REQUIRED ACTION:
Identify every line in the records below that contains the word "above", and copy each of those lines.
Segment Start: GIVEN RECORDS
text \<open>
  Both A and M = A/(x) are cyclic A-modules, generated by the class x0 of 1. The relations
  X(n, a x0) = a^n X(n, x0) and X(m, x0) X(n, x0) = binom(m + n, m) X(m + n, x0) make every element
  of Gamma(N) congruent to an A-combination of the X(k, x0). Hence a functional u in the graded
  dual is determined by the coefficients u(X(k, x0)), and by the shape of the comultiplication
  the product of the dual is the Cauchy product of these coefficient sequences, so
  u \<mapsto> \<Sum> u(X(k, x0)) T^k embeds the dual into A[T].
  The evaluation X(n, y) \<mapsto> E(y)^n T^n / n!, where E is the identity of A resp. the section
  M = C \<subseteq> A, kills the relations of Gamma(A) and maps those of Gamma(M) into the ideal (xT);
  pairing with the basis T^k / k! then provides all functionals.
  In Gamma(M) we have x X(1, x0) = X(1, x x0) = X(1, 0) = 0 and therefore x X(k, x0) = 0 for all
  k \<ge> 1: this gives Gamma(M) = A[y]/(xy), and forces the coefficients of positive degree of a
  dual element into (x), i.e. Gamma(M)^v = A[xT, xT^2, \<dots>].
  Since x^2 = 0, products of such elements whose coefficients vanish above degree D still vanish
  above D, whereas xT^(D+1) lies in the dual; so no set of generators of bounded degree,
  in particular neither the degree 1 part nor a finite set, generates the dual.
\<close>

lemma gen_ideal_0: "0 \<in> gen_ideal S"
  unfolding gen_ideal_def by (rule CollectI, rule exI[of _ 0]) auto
Segment End: GIVEN RECORDS
SOLUTION TO THIS PROBLEM:
  Since x^2 = 0, products of such elements whose coefficients vanish above degree D still vanish
  above D, whereas xT^(D+1) lies in the dual; so no set of generators of bounded degree,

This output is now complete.